If you see a transport truck on the highway, there is a good chance it’s from one of TFI’s network of more than 80 trucking companies that operate in Canada, the United States and Mexico. TFI operates in four segments: truckload, less-than-truckload (LTL), package and courier and logistics. The company’s latest investor presentation says it has 16,754 employees, including 8,432 drivers, 18,500 tractors and 25,720 trailers operating from 368 facilities. TFI grows mainly by acquiring smaller businesses, having made 88 acquisitions since 2008.

TFI’s shares have more than tripled in the past four years, and more than doubled between their March low and the end of November 2020. The company’s investor presentation says total return including dividends were 41% over one year, 164% over five years, 596% over 10 years and 634% over 15 years.
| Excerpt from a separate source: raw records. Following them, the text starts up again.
(* Let $\mathfrak{P}$ be a nonempty compact set of probability distributions $P=(p_\omega)_{\omega\in\Omega}$ on $\Omega$ and $\Phi_R(\mathbf{x})=\min_{P\in\mathfrak{P}}\sum_{\omega\in\Omega}p_\omega Q_\omega(\mathbf{x})$. Let $\hat{\mathbf{x}}\in\mathcal{X}$ and for each $\omega\in\Omega$ let $\hat{\mathbf{S}}^\omega$ be an optimal solution of the problem defining $Q_\omega(\hat{\mathbf{x}})$; set $\hat y^\omega_{q,i}=1$ if $i\in\hat S^\omega_q$ and $\hat y^\omega_{q,i}=0$ otherwise. Then for every $\mathbf{x}\in\mathcal{X}$, $$\Phi_R(\mathbf{x})\;\ge\;\Phi_R(\hat{\mathbf{x}})-\sum_{q=1}^k\sum_{i\in N}\Big(\max_{P\in\mathfrak{P}}\sum_{\omega\in\Omega}p_\omega\,\rho^\omega_{q,i}(\boldsymbol{\emptyset})\,\hat y^\omega_{q,i}\,\xi^\omega_i\Big)x_{q,i}.$$
   Context: Let $n,k$ be positive integers and $N=\{1,\dots,n\}$. $\mathbb{X}(N,k)$ denotes the set of $k$-tuples $\mathbf{S}=(S_1,\dots,S_k)$ of pairwise disjoint subsets of $N$; such a tuple is identified with $\mathbf{s}\in\{0,1\}^{kn}$ where $s_{q,i}=1$ iff $i\in S_q$. For $\mathbf{X},\mathbf{Y}\in\mathbb{X}(N,k)$ let $\mathbf{X}\sqcap\mathbf{Y}=(X_1\cap Y_1,\dots,X_k\cap Y_k)$ and $\mathbf{X}\sqcup\mathbf{Y}$ be the tuple whose $i$-th component is $(X_i\cup Y_i)\setminus\bigcup_{q\ne i}(X_q\cup Y_q)$. A function $f:\mathbb{X}(N,k)\to\mathbb{R}$ is $k$-submodular if $f(\mathbf{X})+f(\mathbf{Y})\ge f(\mathbf{X}\sqcap\mathbf{Y})+f(\mathbf{X}\sqcup\mathbf{Y})$ for all $\mathbf{X},\mathbf{Y}$, and monotone if $f(\mathbf{X})\le f(\mathbf{Y})$ whenever $X_q\subseteq Y_q$ for all $q$. $\boldsymbol{\emptyset}=(\emptyset,\dots,\emptyset)$. Given nonnegative integer budgets $A_1,\dots,A_k$ and $D_1,\dots,D_k$, the attacker's feasible set is $\mathcal{X}=\{\mathbf{x}\in\{0,1\}^{kn}:\sum_{i=1}^n x_{q,i}\le A_q\ \forall q,\ \sum_{q=1}^k x_{q,i}\le 1\ \forall i\in N\}$. Stochastic setting: $\Omega$ is a finite set of scenarios; for each $\omega\in\Omega$ we are given $\xi^\omega\in\{0,1\}^n$ and a monotone $k$-submodular function $f^\omega:\mathbb{X}(N,k)\to\mathbb{R}$, with marginal gains $\rho^\omega_{q,i}(\mathbf{X})=f^\omega(X_1,\dots,X_q\cup\{i\},\dots,X_k)-f^\omega(\mathbf{X})$ for $i\notin\bigcup_r X_r$. For $\mathbf{x}\in\mathcal{X}$, $Q_\omega(\mathbf{x})=\max\{f^\omega(\mathbf{S}):\mathbf{S}\in\mathbb{X}(N,k),\ s_{q,i}\le 1-x_{q,i}\xi^\omega_i\ \forall q,i,\ \sum_{i=1}^n s_{q,i}\le D_q\ \forall q\}$. *)

theory Defs
  imports "HOL-Analysis.Analysis"
begin

text \<open>A k-tuple of subsets of N = {1..n} is a function S :: nat => nat set, where
  S q is the q-th component for q in {1..k}, and S q = {} for q outside {1..k}.\<close>

type_synonym ktuple = "nat \<Rightarrow> nat set"

definition ktuples :: "nat \<Rightarrow> nat \<Rightarrow> ktuple set" where
  "ktuples n k = {S. (\<forall>q. q \<notin> {1..k} \<longrightarrow> S q = {}) \<and>
                     (\<forall>q\<in>{1..k}. S q \<subseteq> {1..n}) \<and>
                     (\<forall>q\<in>{1..k}. \<forall>r\<in>{1..k}. q \<noteq> r \<longrightarrow> S q \<inter> S r = {})}"

definition kempty :: ktuple where
  "kempty = (\<lambda>q. {})"

definition kmeet :: "ktuple \<Rightarrow> ktuple \<Rightarrow> ktuple" where
  "kmeet X Y = (\<lambda>q. X q \<inter> Y q)"

definition kjoin :: "nat \<Rightarrow> ktuple \<Rightarrow> ktuple \<Rightarrow> ktuple" where
  "kjoin k X Y = (\<lambda>q. (X q \<union> Y q) - (\<Union>r\<in>{1..k} - {q}. X r \<union> Y r))"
In the company’s third quarter ended 30 September 2020, TFI’s earnings and earnings per share climbed as revenue slipped. Total revenue of $1.25 billion was down 4% from the same quarter of 2019. However, net income from continuing operations was $110.7 million or $1.19 per share, up 34% compared to the $82.6 million (98c) recorded in the same quarter of 2019. The profit improvement came from improved contributions from operations and smaller interest payments as a result of lower debt.
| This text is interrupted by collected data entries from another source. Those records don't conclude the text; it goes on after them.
(* Let $b\in\Gamma^{*,\infty}_{A_p,\rho}(\mathbb R^{2d})$ be hypoelliptic, with hypoellipticity conditions (i) and (ii) holding with a constant $B$. Then for every $h>0$ there exists $C>0$ (resp. there exist $h,C>0$) such that $$|D^\alpha_w(b(w))^n|\le C2^nh^{|\alpha|}A_\alpha\langle w\rangle^{-\rho|\alpha|}|b(w)|^n$$ for all $\alpha\in\mathbb N^{2d}$, $n\in\mathbb N$, $w\in Q^c_B$. If the hypoellipticity conditions hold on all of $\mathbb R^{2d}$ (i.e. $B=0$), the estimate holds for all $w\in\mathbb R^{2d}$.
   Context: Notation: $\mathbb N=\{0,1,\dots\}$, $\langle x\rangle=(1+|x|^2)^{1/2}$, $D^\alpha=i^{-|\alpha|}\partial^\alpha$, $w=(x,\xi)\in\mathbb R^{2d}$. Sequences $M_p,A_p$ positive with $M_0=M_1=A_0=A_1=1$; (M.1) $N_p^2\le N_{p-1}N_{p+1}$; (M.2) $N_p\le c_0H^p\min_{q\le p}N_{p-q}N_q$; (M.3) $\sum_{p>q}N_{p-1}/N_p\le c_0qN_q/N_{q+1}$; (M.3)' $\sum N_{p-1}/N_p<\infty$; (M.4) $N_p^2/p!^2\le(N_{p-1}/(p-1)!)(N_{p+1}/(p+1)!)$. Standing: $M_p$ satisfies (M.1),(M.2),(M.3); $A_p$ satisfies (M.1),(M.2),(M.3)',(M.4); $A_p\le cL^pM_p$; $\rho$ with $\rho_0\le\rho\le1$ (strict if inf not attained), $\rho_0=\inf\{r>0:\exists c,L,\ A_p\le cL^pM_p^r\}$. $A_\alpha=A_{|\alpha|}$, $M(\lambda)=\sup_p\ln_+(\lambda^p/M_p)$. $*$: Beurling $(M_p)$ or Roumieu $\{M_p\}$; "(resp. ...)" refers to Roumieu. $\Gamma^{(M_p),\infty}_{A_p,\rho}(\mathbb R^{2d})=\varinjlim_{m\to\infty}\varprojlim_{h\to0}$, $\Gamma^{\{M_p\},\infty}_{A_p,\rho}(\mathbb R^{2d})=\varinjlim_{h\to\infty}\varprojlim_{m\to0}$ of Banach spaces of $a\in C^\infty(\mathbb R^{2d})$ with finite $\sup|D^\alpha_\xi D^\beta_xa|\langle w\rangle^{\rho(|\alpha|+|\beta|)}e^{-M(m|\xi|)-M(m|x|)}/(h^{|\alpha|+|\beta|}A_\alpha A_\beta)$. $Q_t=\{(x,\xi):\langle x\rangle<t,\langle\xi\rangle<t\}$. Hypoellipticity with constant $B$: (i) there are $c,m>0$ (resp. for every $m>0$ there is $c>0$) with $|b(x,\xi)|\ge ce^{-M(m|x|)-M(m|\xi|)}$ on $Q^c_B$; (ii) for every $h>0$ there is $C$ (resp. there are $h,C$) with $|D^\alpha_\xi D^\beta_xb|\le Ch^{|\alpha|+|\beta|}|b|A_\alpha A_\beta\langle w\rangle^{-\rho(|\alpha|+|\beta|)}$ on $Q^c_B$. *)

theory Defs
  imports "HOL-Analysis.Analysis"
begin

text \<open>Beurling (M_p) versus Roumieu {M_p} setting.\<close>
datatype ultra = Beurling | Roumieu

definition cond_M1 :: "(nat \<Rightarrow> real) \<Rightarrow> bool" where
  "cond_M1 N \<longleftrightarrow> (\<forall>p\<ge>1. N p ^ 2 \<le> N (p - 1) * N (p + 1))"

definition cond_M2 :: "(nat \<Rightarrow> real) \<Rightarrow> bool" where
  "cond_M2 N \<longleftrightarrow> (\<exists>c0 H. \<forall>p. \<forall>q\<le>p. N p \<le> c0 * H ^ p * (N (p - q) * N q))"

text \<open>(M.3): for q >= 1, sum over p > q of N_(p-1)/N_p (p = k+q+1).\<close>
definition cond_M3 :: "(nat \<Rightarrow> real) \<Rightarrow> bool" where
  "cond_M3 N \<longleftrightarrow> (\<exists>c0. \<forall>q\<ge>1.
      summable (\<lambda>k. N (k + q) / N (k + q + 1)) \<and>
      (\<Sum>k. N (k + q) / N (k + q + 1)) \<le> c0 * real q * N q / N (q + 1))"

text \<open>(M.3)': sum over p >= 1 of N_(p-1)/N_p converges.\<close>
definition cond_M3' :: "(nat \<Rightarrow> real) \<Rightarrow> bool" where
  "cond_M3' N \<longleftrightarrow> summable (\<lambda>k. N k / N (k + 1))"

definition cond_M4 :: "(nat \<Rightarrow> real) \<Rightarrow> bool" where
  "cond_M4 N \<longleftrightarrow> (\<forall>p\<ge>1. (N p / fact p) ^ 2 \<le>
      (N (p - 1) / fact (p - 1)) * (N (p + 1) / fact (p + 1)))"

definition assoc_fun :: "(nat \<Rightarrow> real) \<Rightarrow> real \<Rightarrow> real" where
  "assoc_fun N lam = (SUP p. max 0 (ln (lam ^ p / N p)))"

definition rho_set :: "(nat \<Rightarrow> real) \<Rightarrow> (nat \<Rightarrow> real) \<Rightarrow> real set" where
  "rho_set M A = {r. r > 0 \<and> (\<exists>c L. \<forall>p. A p \<le> c * L ^ p * M p powr r)}"

definition rho0 :: "(nat \<Rightarrow> real) \<Rightarrow> (nat \<Rightarrow> real) \<Rightarrow> real" where
  "rho0 M A = Inf (rho_set M A)"

definition standing :: "(nat \<Rightarrow> real) \<Rightarrow> (nat \<Rightarrow> real) \<Rightarrow> real \<Rightarrow> bool" where
  "standing M A \<rho> \<longleftrightarrow>
     (\<forall>p. M p > 0) \<and> M 0 = 1 \<and> M 1 = 1 \<and>
     (\<forall>p. A p > 0) \<and> A 0 = 1 \<and> A 1 = 1 \<and>
     cond_M1 M \<and> cond_M2 M \<and> cond_M3 M \<and>
     cond_M1 A \<and> cond_M2 A \<and> cond_M3' A \<and> cond_M4 A \<and>
     (\<exists>c L. \<forall>p. A p \<le> c * L ^ p * M p) \<and>
     rho0 M A \<le> \<rho> \<and> \<rho> \<le> 1 \<and>
     (rho0 M A \<notin> rho_set M A \<longrightarrow> rho0 M A < \<rho>)"

section \<open>Phase space R^{2d} = R^d x R^d, w = (x, xi)\<close>

definition jb :: "'a::real_normed_vector \<Rightarrow> real" where
  "jb v = sqrt (1 + norm v ^ 2)"

definition dirvec :: "('d::finite + 'd) \<Rightarrow> (real^'d) \<times> (real^'d)" where
  "dirvec j = (case j of Inl i \<Rightarrow> (axis i 1, 0) | Inr i \<Rightarrow> (0, axis i 1))"

definition pd :: "('d::finite + 'd) \<Rightarrow> ((real^'d) \<times> (real^'d) \<Rightarrow> complex)
                  \<Rightarrow> (real^'d) \<times> (real^'d) \<Rightarrow> complex" where
  "pd j f w = vector_derivative (\<lambda>t. f (w + t *\<^sub>R dirvec j)) (at 0)"

fun dlist :: "('d::finite + 'd) list \<Rightarrow> ((real^'d) \<times> (real^'d) \<Rightarrow> complex)
               \<Rightarrow> (real^'d) \<times> (real^'d) \<Rightarrow> complex" where
  "dlist [] f = f"
| "dlist (j # js) f = pd j (dlist js f)"

definition smooth :: "((real^'d::finite) \<times> (real^'d) \<Rightarrow> complex) \<Rightarrow> bool" where
  "smooth f \<longleftrightarrow> (\<forall>js :: ('d + 'd) list. dlist js f differentiable_on UNIV)"

definition mabs :: "('i::finite \<Rightarrow> nat) \<Rightarrow> nat" where
  "mabs \<gamma> = (\<Sum>i\<in>UNIV. \<gamma> i)"

definition dirs :: "('i::finite \<Rightarrow> nat) \<Rightarrow> 'i list" where
  "dirs \<gamma> = (SOME js. \<forall>i. count (mset js) i = \<gamma> i)"

definition Dm :: "(('d::finite + 'd) \<Rightarrow> nat) \<Rightarrow> ((real^'d) \<times> (real^'d) \<Rightarrow> complex)
                  \<Rightarrow> (real^'d) \<times> (real^'d) \<Rightarrow> complex" where
  "Dm \<gamma> f w = inverse (\<i> ^ mabs \<gamma>) * dlist (dirs \<gamma>) f w"

text \<open>D^alpha_xi D^beta_x corresponds to the multi-index case_sum beta alpha.\<close>

definition Gamma_bound :: "(nat \<Rightarrow> real) \<Rightarrow> (nat \<Rightarrow> real) \<Rightarrow> real \<Rightarrow> real \<Rightarrow> real
                           \<Rightarrow> ((real^'d::finite) \<times> (real^'d) \<Rightarrow> complex) \<Rightarrow> bool" where
  "Gamma_bound M A \<rho> m h a \<longleftrightarrow> (\<exists>C. \<forall>(\<alpha>::'d \<Rightarrow> nat) (\<beta>::'d \<Rightarrow> nat) w.
      norm (Dm (case_sum \<beta> \<alpha>) a w) \<le>
        C * h ^ (mabs \<alpha> + mabs \<beta>) * A (mabs \<alpha>) * A (mabs \<beta>)
          * jb w powr (- \<rho> * real (mabs \<alpha> + mabs \<beta>))
          * exp (assoc_fun M (m * norm (snd w)) + assoc_fun M (m * norm (fst w))))"

definition Gamma_space :: "ultra \<Rightarrow> (nat \<Rightarrow> real) \<Rightarrow> (nat \<Rightarrow> real) \<Rightarrow> real
                           \<Rightarrow> ((real^'d::finite) \<times> (real^'d) \<Rightarrow> complex) \<Rightarrow> bool" where
  "Gamma_space u M A \<rho> a \<longleftrightarrow> smooth a \<and>
     (case u of
        Beurling \<Rightarrow> (\<exists>m>0. \<forall>h>0. Gamma_bound M A \<rho> m h a)
      | Roumieu \<Rightarrow> (\<exists>h>0. \<forall>m>0. Gamma_bound M A \<rho> m h a))"

definition Qset :: "real \<Rightarrow> ((real^'d::finite) \<times> (real^'d)) set" where
  "Qset t = {w. jb (fst w) < t \<and> jb (snd w) < t}"

definition hypo_i :: "ultra \<Rightarrow> (nat \<Rightarrow> real) \<Rightarrow> real
                      \<Rightarrow> ((real^'d::finite) \<times> (real^'d) \<Rightarrow> complex) \<Rightarrow> bool" where
  "hypo_i u M B b \<longleftrightarrow>
     (let est = (\<lambda>c m. \<forall>w. w \<notin> Qset B \<longrightarrow>
                 norm (b w) \<ge> c * exp (- assoc_fun M (m * norm (fst w)) - assoc_fun M (m * norm (snd w))))
      in case u of
           Beurling \<Rightarrow> (\<exists>c>0. \<exists>m>0. est c m)
         | Roumieu \<Rightarrow> (\<forall>m>0. \<exists>c>0. est c m))"

definition hypo_ii :: "ultra \<Rightarrow> (nat \<Rightarrow> real) \<Rightarrow> real \<Rightarrow> real
                      \<Rightarrow> ((real^'d::finite) \<times> (real^'d) \<Rightarrow> complex) \<Rightarrow> bool" where
  "hypo_ii u A \<rho> B b \<longleftrightarrow>
     (let est = (\<lambda>h C. \<forall>(\<alpha>::'d \<Rightarrow> nat) (\<beta>::'d \<Rightarrow> nat) w. w \<notin> Qset B \<longrightarrow>
                 norm (Dm (case_sum \<beta> \<alpha>) b w) \<le>
                   C * h ^ (mabs \<alpha> + mabs \<beta>) * norm (b w) * A (mabs \<alpha>) * A (mabs \<beta>)
                     * jb w powr (- \<rho> * real (mabs \<alpha> + mabs \<beta>)))
      in case u of
           Beurling \<Rightarrow> (\<forall>h>0. \<exists>C. est h C)
         | Roumieu \<Rightarrow> (\<exists>h>0. \<exists>C. est h C))"

definition hypoelliptic :: "ultra \<Rightarrow> (nat \<Rightarrow> real) \<Rightarrow> (nat \<Rightarrow> real) \<Rightarrow> real \<Rightarrow> real
                      \<Rightarrow> ((real^'d::finite) \<times> (real^'d) \<Rightarrow> complex) \<Rightarrow> bool" where
  "hypoelliptic u M A \<rho> B b \<longleftrightarrow> hypo_i u M B b \<and> hypo_ii u A \<rho> B b"

end

theory Submission
  imports Defs
begin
TFI has consistently raised its dividend. The latest, a 12% increase announced this fall, lifted the annual payout to $1.16 per share to yield about 1.75%.

Conclusion

Although there are still some laggards, the share prices of dozens of large Canadian companies have recovered since the COVID-induced plunge last March. As always during a time of crisis, the pessimists and other nervous investors have bought into gold miners, while technology stocks have benefited from the COVID-induced global trend toward staying home to work, shop and socialize online. Canadian marijuana stocks have also come alive lately in hopes that a democratic government in the United States will legalize cannabis, and the share prices of a few Canadian drug developers have jumped as well. Relatively few Canadian companies that had increased their revenue, earnings, and dividends over the long-term continued the trend throughout the pandemic, however. In my opinion, their solid long-term fundamentals should help these three names to keep outperforming the TSX Composite after COVID is brought under control.